British hostage in Baghdad ‘killed himself’, kidnappers claim

One of the five British contractors kidnapped in Iraq more than a year ago has killed himself, according to the Shia group that is claiming to hold the men. The man, named only as Jason, is said to have died on May 25, days before the first aniversary of the group's capture at the finance ministry in Baghdad. The men, an IT consultant and four bodyguards, are being ransomed against the release of nine prisoners being held by the Americans. Their captors claim the Government's delay caused the man's psychological degradation prior to his suicide. (Sunday Times)
Mystery surrounds Britons' kidnapping More

Brown sets out withdrawal plan

Gordon Brown has comes as close as politically possible to confirming the pull-out of British troops from Iraq when he set out a four-step road-map that will eventually see the end of the country's involvement in the troubled Middle Eastern state. Speaking on a day-long visit to Basra, he outlined improvements in Iraqi military readiness, political stability, intensified reconstruction work and security at Basra airport - where 4,100 UK troops are based - which would allow the Britain to withdraw its force. (Observer)
The Mole on Brown's Iraq visit More

Met chief in £3m sleaze probe

The Metropolitan Police commissioner Sir Ian Blair is to be investigated by the body that employs him after lucrative contracts from Scotland Yard were awarded to a company run by a close personal friend of Blair's. The technology deals related to consultancy work by Impact Plus, a company owned by entrepreneur Andrew Miller, and were granted by a panel on which Blair, who has been on skiing holidays with Miller, was a member. In all, more than £3m of deals were awarded to Impact Plus over a six-year period from 2002. Sir Ian had declared his friendship with Mr Miller before he joined the panel. (Mail on Sunday)

No 10 aide in ‘honeytrap sting’

A senior Downing Street aide appears to have been caught out in a honeytrap operation when his BlackBerry went missing after he spent a night in his Shanghai hotel room with a girl who approached him a disco. The incident, which occurred during Gordon Brown's visit to China earlier this year, has all the signs of a classic Chinese intelligence agency sting and is similar to other intelligence gathering operations that have occurred in the recent years. The theft was immediately reported by the aide to the PM's security detail, but could have allowed anyone who came into possession of the Blackberry to gain access to the No 10 email system. (Sunday Times)

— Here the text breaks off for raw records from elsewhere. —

lemma pk_dy_ext_bigo: "pk_dy_ext c y \<in> O[at_infinity_upper](\<lambda>z. 1 / z^2)"
  unfolding pk_dy_ext_def[abs_def] by (auto intro!: sum_in_bigo resolvent_power2_bigo)

lemma hinv_ext_bigo:
  "hinv_ext y \<in> O[at_infinity_upper](\<lambda>_. 1)"
  "hinv_dx_ext y \<in> O[at_infinity_upper](\<lambda>_. 1)"
  "hinv_dy_ext y \<in> O[at_infinity_upper](\<lambda>_. 1)"
  unfolding hinv_ext_def[abs_def] hinv_dx_ext_def[abs_def] hinv_dy_ext_def[abs_def]
  unfolding divide_inverse
  by (intro landau_o.big_1_mult bigo_const sum_in_bigo exp_i_bigo; simp add: exp_i_bigo)+

lemma hinv_hgrad_pk_ext_bigo: "hinv_hgrad_pk_ext c y \<in> O[at_infinity_upper](\<lambda>z. 1 / z^2)"
proof -
  have "hinv_hgrad_pk_ext c y \<in> O[at_infinity_upper](\<lambda>z. 1 * (1 / z^2 * (1 / z^2)))"
    unfolding hinv_hgrad_pk_ext_def[abs_def]
    by (intro landau_o.big.mult sum_in_bigo hinv_ext_bigo pk_dx_ext_bigo pk_dy_ext_bigo)
      (auto intro: pk_dy_ext_bigo)
  thus ?thesis using inverse_power_bigo[of 4]
    by (auto simp: power_one_over[symmetric] power_add[symmetric] intro: landau_o.big_trans)
qed

lemma pk_hgrad_hinv_ext_bigo: "pk_hgrad_hinv_ext c y \<in> O[at_infinity_upper](\<lambda>z. 1 / z^2)"
proof -
  have "pk_hgrad_hinv_ext c y \<in> O[at_infinity_upper](\<lambda>z. 1 / z * (1 / z^2 * 1))"
    unfolding pk_hgrad_hinv_ext_def[abs_def]
    by (intro landau_o.big.mult sum_in_bigo hinv_ext_bigo pk_ext_bigo pk_dx_ext_bigo pk_dy_ext_bigo)
      (auto intro: pk_dy_ext_bigo)
  moreover have "(\<lambda>z::complex. 1 / z * (1 / z^2 * 1)) = (\<lambda>z. 1 / z ^ 3)"
    by (simp add: power3_eq_cube power2_eq_square mult.assoc)
  ultimately show ?thesis using inverse_power_bigo[of 3] by (auto intro: landau_o.big_trans)
qed

lemma resolvent_of_real:
  fixes c y x :: real
  assumes "y \<noteq> 0"
  shows "resolvent (of_real c + \<i> * of_real y) (of_real x)
      = (of_real (x - c) + \<i> * of_real y) / of_real ((x - c)^2 + y^2)"
    "resolvent (of_real c - \<i> * of_real y) (of_real x)
      = (of_real (x - c) - \<i> * of_real y) / of_real ((x - c)^2 + y^2)"
  using assms
  by (simp_all add: resolvent_def complex_eq_iff Re_divide Im_divide power2_eq_square)

lemma pk_ext_of_real:
  assumes "y \<noteq> 0"
  shows "pk_ext c y (of_real x) = of_real ((1 / pi) * (y / ((x - c)^2 + y^2)))"
proof -
  define D where "D = (x - c)^2 + y^2"
  have "D \<noteq> 0" using assms by (simp add: D_def add_nonneg_eq_0_iff)
  thus ?thesis unfolding pk_ext_def resolvent_of_real[OF assms] D_def[symmetric]
    by (simp add: field_simps)
qed

lemma pk_dx_ext_of_real:
  assumes "y \<noteq> 0"
  shows "pk_dx_ext c y (of_real x) = of_real (- (2 / pi) * y * (x - c) / ((x - c)^2 + y^2)^2)"
proof -
  define D where "D = (x - c)^2 + y^2"
  have "D \<noteq> 0" using assms by (simp add: D_def add_nonneg_eq_0_iff)
  thus ?thesis unfolding pk_dx_ext_def resolvent_of_real[OF assms] D_def[symmetric]
    by (simp add: field_simps) (simp add: algebra_simps power2_eq_square)
qed

lemma pk_dy_ext_of_real:
  assumes "y \<noteq> 0"
  shows "pk_dy_ext c y (of_real x) = of_real ((1 / pi) * ((x - c)^2 - y^2) / ((x - c)^2 + y^2)^2)"
proof -
  define D where "D = (x - c)^2 + y^2"
  have "D \<noteq> 0" using assms by (simp add: D_def add_nonneg_eq_0_iff)
  thus ?thesis unfolding pk_dy_ext_def resolvent_of_real[OF assms] D_def[symmetric]
    by (simp add: field_simps) (simp add: algebra_simps power2_eq_square)
qed

lemma dx_pk:
  assumes "y \<noteq> 0"
  shows "dx (pk k) x y = - (2 / pi) * y * (x - 2 * pi * of_int k) / ((x - 2 * pi * of_int k)^2 + y^2)^2"
proof -
  have "(x - 2 * pi * of_int k)^2 + y^2 \<noteq> 0" using assms by (simp add: add_nonneg_eq_0_iff)
  thus ?thesis unfolding dx_def pk_def
    by (intro DERIV_imp_deriv) (auto intro!: derivative_eq_intros simp: divide_simps power2_eq_square)
qed

lemma dy_pk:
  assumes "y \<noteq> 0"
  shows "dy (pk k) x y = (1 / pi) * ((x - 2 * pi * of_int k)^2 - y^2) / ((x - 2 * pi * of_int k)^2 + y^2)^2"
proof -
  define u where "u = x - 2 * pi * of_int k"
  have "u^2 + y^2 \<noteq> 0" using assms by (simp add: add_nonneg_eq_0_iff)
  hence "((\<lambda>t. t / (u^2 + t^2)) has_real_derivative (u^2 - y^2) / (u^2 + y^2)^2) (at y)"
    by (auto intro!: derivative_eq_intros simp: divide_simps power2_eq_square algebra_simps)
  from DERIV_cmult[OF this, of "1 / pi"] show ?thesis
    unfolding dy_def pk_def u_def[symmetric] by (intro DERIV_imp_deriv) simp
qed

lemma hinv_eq: "hinv x y = 2 * pi * (cosh y - cos x) / sinh y"
  unfolding hinv_def hh_def by (simp add: field_simps)

lemma dx_hinv:
  assumes "y \<noteq> 0"
  shows "dx hinv x y = 2 * pi * sin x / sinh y"
  unfolding dx_def hinv_eq using assms by (intro DERIV_imp_deriv) (auto intro!: derivative_eq_intros)

lemma dy_hinv:
  assumes "y \<noteq> 0"
  shows "dy hinv x y = 2 * pi * (cosh y * cos x - 1) / (sinh y)^2"
proof -
  have "sinh y \<noteq> 0" using assms by simp
  hence "((\<lambda>t. 2 * pi * (cosh t - cos x) / sinh t) has_real_derivative
      2 * pi * (sinh y * sinh y - (cosh y - cos x) * cosh y) / (sinh y)^2) (at y)"
    by (auto intro!: derivative_eq_intros simp: divide_simps power2_eq_square algebra_simps)
  moreover have "sinh y * sinh y - (cosh y - cos x) * cosh y = cosh y * cos x - 1"
    using cosh_square_eq[of y] by (simp add: power2_eq_square algebra_simps)
  ultimately show ?thesis unfolding dy_def hinv_eq by (intro DERIV_imp_deriv) simp
qed

lemma Re_hinv_ext_of_real:
  assumes "y \<noteq> 0"
  shows "Re (hinv_ext y (of_real x)) = hinv x y"
    "Re (hinv_dx_ext y (of_real x)) = dx hinv x y"
    "Re (hinv_dy_ext y (of_real x)) = dy hinv x y"
  using assms unfolding hinv_ext_def hinv_dx_ext_def hinv_dy_ext_def hinv_eq dx_hinv[OF assms] dy_hinv[OF assms]
  by (simp_all add: Re_divide Re_exp Im_exp power2_eq_square)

Surgeons to get PRP for lives saved

NHS surgeons could soon receive performance-related bonus pay based on how many lives they save. The proposals, which would also see rates of infection from superbugs such as MRSA and rehabilitation statistics linked to doctors' merit payments, are being piloted on a scheme at the Imperial College Healthcare Trust. Surgeons' groups have said that the measures could lead to their members refusing to take on higher-risk patients, while patients' organisations have reacted with horror, and said that these should be basic prerequisites of medical staff carrying out their jobs properly. (Sunday Telegraph)

Also in the News

Goncalo Amaral, the police inspector who headed up the Madeleine McCann search until he was removed by Portuguese authorities, has written a book about the investigation in which he attacks the role of British police in the case and states that he thinks Madeleine is dead. Amaral is currently facing perjury charges relating to another case. (Observer)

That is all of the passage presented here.